I was happy to see how she resonated with this.
So naturally I think “So why not do just that?”
Each week, each day, remember the Magic of that day and call it up. And know others are doing the same. Clap. Giggle. Hoot and holler.
Ever since that day, I have had such a strong desire to continue the experience, but not alone. I want to BE in that state of magic – daily. And I want to experience it with others.
It’s like a new level of magic and connection was felt that day and oooooh how I want – how I need to be in that state with self and others. How I am ready to Allow myself to have that experience.

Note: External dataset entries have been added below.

(* Let $\mathcal{H}$ be a real Hilbert space, $A:\mathcal{H}\rightrightarrows\mathcal{H}$ maximal monotone, $p\geq2$ an integer, and define $\varphi:[0,+\infty)\times\mathcal{H}\to[0,+\infty)$ by $\varphi(\lambda,x)=\lambda^{1/(p-1)}\|x-(I+\lambda A)^{-1}x\|$ for $\lambda>0$ and $\varphi(0,x)=0$. Fix $x\in\mathcal{H}$ with $0\notin Ax$. Then $\lambda\mapsto\varphi(\lambda,x)$ is continuous and strictly increasing on $[0,+\infty)$, $\varphi(0,x)=0$, and $\varphi(\lambda,x)\to+\infty$ as $\lambda\to+\infty$.
   Context: $(I+\lambda A)^{-1}$ is the resolvent of $A$ of index $\lambda>0$. *)

theory Defs
  imports "HOL-Analysis.Analysis"
begin

definition monotone_op :: "('a::real_inner \<Rightarrow> 'a set) \<Rightarrow> bool" where
  "monotone_op A \<longleftrightarrow> (\<forall>x y u v. u \<in> A x \<longrightarrow> v \<in> A y \<longrightarrow> inner (x - y) (u - v) \<ge> 0)"

definition maximal_monotone :: "('a::real_inner \<Rightarrow> 'a set) \<Rightarrow> bool" where
  "maximal_monotone A \<longleftrightarrow> monotone_op A \<and>
     (\<forall>B. monotone_op B \<and> (\<forall>x. A x \<subseteq> B x) \<longrightarrow> B = A)"

text \<open>Resolvent (I + \<lambda>A)^{-1} x: the point y with x \<in> y + \<lambda> A y,
  i.e. (x - y)/\<lambda> \<in> A y (single-valued for maximal monotone A and \<lambda> > 0).\<close>

definition resolvent :: "('a::real_inner \<Rightarrow> 'a set) \<Rightarrow> real \<Rightarrow> 'a \<Rightarrow> 'a" where
  "resolvent A l x = (THE y. (x - y) /\<^sub>R l \<in> A y)"

definition phi :: "('a::real_inner \<Rightarrow> 'a set) \<Rightarrow> nat \<Rightarrow> real \<Rightarrow> 'a \<Rightarrow> real" where
  "phi A p l x = (if l > 0 then l powr (1 / (real p - 1)) * norm (x - resolvent A l x) else 0)"

end

theory Submission
  imports Defs "HOL-Real_Asymp.Real_Asymp"
begin

text \<open>Comparing the resolvent equations at two indices \<open>0 < l \<le> m\<close> through the monotonicity
  of \<open>A\<close> gives \<open>\<parallel>x - J\<^sub>l x\<parallel> \<le> \<parallel>x - J\<^sub>m x\<parallel>\<close> and
  \<open>\<parallel>J\<^sub>l x - J\<^sub>m x\<parallel> \<le> \<bar>1 - l/m\<bar> \<parallel>x - J\<^sub>m x\<parallel>\<close>, where \<open>J\<^sub>l = resolvent A l\<close>.
  Since \<open>0 \<notin> A x\<close>, the distance \<open>\<parallel>x - J\<^sub>l x\<parallel>\<close> is positive, so multiplying it by the strictly
  increasing, unbounded factor \<open>l powr (1 / (p - 1))\<close> gives a continuous, strictly increasing,
  unbounded function vanishing at \<open>0\<close>.

  That \<open>J\<^sub>l x\<close> really solves \<open>(x - y) /\<^sub>R l \<in> A y\<close> is Minty's theorem. Its finite version (Debrunner--Flor)
  comes from maximising a concave function over a polytope; the general case follows because
  bounded closed convex sets in a Hilbert space have the finite intersection property, which is
  shown with minimal-norm points and the parallelogram law in place of weak compactness.\<close>

section \<open>Minimal-norm points and intersections of closed convex sets\<close>

lemma Cauchy_if_dist_le_null_sum:
  fixes X :: "nat \<Rightarrow> 'a::metric_space"
  assumes e: "e \<longlonglongrightarrow> 0" and dist: "\<And>m n. dist (X m) (X n) \<le> e m + e n"
  shows "Cauchy X"
proof (rule metric_CauchyI)
  fix r :: real assume "0 < r"
  then obtain N where N: "\<And>n. N \<le> n \<Longrightarrow> \<bar>e n\<bar> < r / 2"
    using e unfolding LIMSEQ_iff by (metis half_gt_zero real_norm_def diff_zero)
  show "\<exists>M. \<forall>m\<ge>M. \<forall>n\<ge>M. dist (X m) (X n) < r"
  proof (intro exI allI impI)
    fix m n assume "N \<le> m" "N \<le> n"
    with N[of m] N[of n] dist[of m n] show "dist (X m) (X n) < r" by linarith
  qed
qed

lemma norm_diff_le_midpoint_bound:
  fixes x y :: "'a::real_inner"
  assumes "d \<le> norm (midpoint x y) ^ 2"
  shows "norm (x - y) ^ 2 \<le> 2 * (norm x ^ 2 - d) + 2 * (norm y ^ 2 - d)"
proof -
  have "norm (x - y) ^ 2 = 2 * norm x ^ 2 + 2 * norm y ^ 2 - 4 * norm (midpoint x y) ^ 2"
    by (simp add: midpoint_def power2_norm_eq_inner inner_simps inner_commute field_simps)
  with assms show ?thesis by argo
qed

lemma convex_midpoint_mem: "convex K \<Longrightarrow> x \<in> K \<Longrightarrow> y \<in> K \<Longrightarrow> midpoint x y \<in> K"
  using midpoint_in_closed_segment closed_segment_subset by blast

Today after doing some food shopping, my girl and I walked to the park that’s across from the store. There was a woman spinning fabric onto a wooden spinner. Fascinating! Well, for me. I tried getting my girl interested in watching, but she was more intent on climbing the benches and playing in the trees. So while she did that, I had the absolute delight in speaking with this woman and listen as she explained to me about the different fabrics she is working with. I thought back to my feeble attempt at learning to sew when I was in junior high. I received a C for effort (all the other girls received A’s). I am much more open to my creative/crafty side today of course, having dove into that in my 20’s. As I spoke with this woman, I began having a vision of spending my days doing such interaction. Learning. Creating. Sharing. We spoke of returning to some of the practical ways, sewing being one of them. Crochet (another difficult task for me to “get” – even today). Real connecting. Heart-based creating.
Daily. A way of Being instead of just a random experience we happen to encounter, Divinely guided by the Universe after buying chocolate and sauerkraut.
And so it was and is on this day, weeks after the eclipse, 9/9, which includes my ongoing thoughts/intentions for Irma and our human family in Florida.